Mire usted, ya le digo yo que esta lavadora no tiene arreglo y que más le compensa comprarse una nueva; el código F-43 es lo que tiene, cosa del motor, muy mala cosa". El técnico del servicio oficial de mi lavadora debe de tener poderes mágicos, porque ni siquiera la ha abierto, ni la ha desenchufado y vuelto a enchufar, ni le ha dado al botón de 'ON' para ver cómo reacciona. Mi lavadora, cual enfermo terminal, ha sido desahuciada por él y ni siquiera ha tenido derecho a unos mínimos cuidados paliativos. El código F-43, traducido al lenguaje de los mortales, debe ser algo así como "tírela a la basura y a otra cosa, mariposa". Luego me ha cobrado 30 euros por el desplazamiento y la apresurada opinión, que me han sabido, como en el evangelio, al pago amargo de una traición.

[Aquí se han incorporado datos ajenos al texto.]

(* Let $\mathcal{F}=(f_s:I_s\to[n]\mid s\in S)$ be an $S$-claw in $\Delta$. The image of $\mathcal{F}$ under the canonical functor $\Delta\to\Lambda$ is strongly biCartesian in $\Lambda$ (i.e. it extends to a strongly Cartesian $S$-cube in $\Lambda$, and this cube is also strongly coCartesian) if and only if $\mathcal{F}$ is cyclically compatible.
   Context: $\Delta$: simplex category of nonempty finite linear orders $[n]=\{0<\dots<n\}$, weakly monotone maps. $\Lambda$: Connes' cyclic category (objects the cyclic sets $\langle n\rangle=(\mathbb{Z}/(n+1),+1)$); the canonical functor $\Delta\to\Lambda$, $[n]\mapsto\langle n\rangle$, identifies $\Delta$ with the slice $\Lambda_{/\langle0\rangle}$ and is the forgetful functor. An $S$-cube is a functor $\mathcal{P}(S)^{\mathrm{op}}\to\mathcal{D}$ from the opposite of the subset poset of $S$; it is strongly Cartesian / strongly coCartesian if all squares $Q(T\cup\{s,s'\})\to Q(T\cup\{s\}),Q(T\cup\{s'\})\to Q(T)$ ($s\ne s'\notin T$) are pullbacks / pushouts. An $S$-claw on $[n]$ is a family of morphisms $f_s:I_s\to[n]$. It is compatible if (BC1) for each $i\in[n]$ at most one $s$ has $f_s^{-1}\{i\}$ not a singleton, and (BC2) for each $0<i\le n$ at most one $s$ has $\{i-1,i\}\not\subseteq f_s(I_s)$. It is cyclically compatible if it is compatible and all but at most one $s\in S$ satisfy $\{0,n\}\subseteq f_s(I_s)$. *)

theory Defs
  imports Main
begin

Como disciplinada ciudadana consumidora, he entrado en internet para ver cuánto valen las lavadoras y dónde hay stock. Pero me he sentido entristecida. Recordaba un mundo infantil en el que todo se reparaba hasta lo imposible: incluso deambulaba por las calles un señor paragüero dispuesto a arreglar las varillas rotas de los paraguas que el viento había destrozado. Recordaba a mi padre afanado en arreglar todo lo que en mi casa se rompía o averiaba. Recordaba a mi abuela zurciendo sábanas y calcetines. Recordaba mis viajes por el tercer mundo, donde todo se aprovecha, compone, restaura y recupera, que en esto de tirar y tirar hay mucho de rico inconsciente y desagradecido. Y, puesta a pensar, recordaba cuando los pañuelos eran de tela y cuando iba a comprar el pan con una bolsa también de tela y cuando mi madre me mandaba a comprar vino blanco para la comida con una pequeña garrafita de cristal verde. Me entristecía pensar que ahora vivimos en este mundo frívolo y fácil de 'usar y tirar', sin valorar nada, si conservar nada, inundando el planeta de residuos evitables, malgastándolo todo como si todo fuera inagotable y biodegradable. Y, en medio de esta tristeza, me he acordado de un técnico de origen argelino que me arregló el termo eléctrico este verano, buscando y adaptando piezas descatalogadas para que no tuviéramos que comprar uno nuevo. Espontáneo y sencillo, Ahmed ha llegado como una oleada de aire fresco y ha escuchado y compartido mi resistencia beligerante a vivir en un mundo de 'usar y tirar'. Es más, me ha mirado emocionado, cuando yo le he hablado con vehemencia de la importancia de las segundas oportunidades para las personas y para las cosas. Con un castellano casi perfecto y una gracia natural, me ha dicho: "Pero si esto es el Mercedes Benz de las lavadoras, ¿cómo no la vamos a arreglar?". La ha abierto en canal y le ha sacado el motor y el programador. Ha repuesto lo que estaba desgastado y reemplazado lo roto. Ya funciona y soy extrañamente feliz viendo cómo vuelven a girar los 8 kilos de ropa.

Bendito este Ahmed que llegó en patera siendo niño para enseñarle al primer mundo, al cabo de los años, que de la necesidad nace la virtud y que nunca hay que dar el futuro por perdido.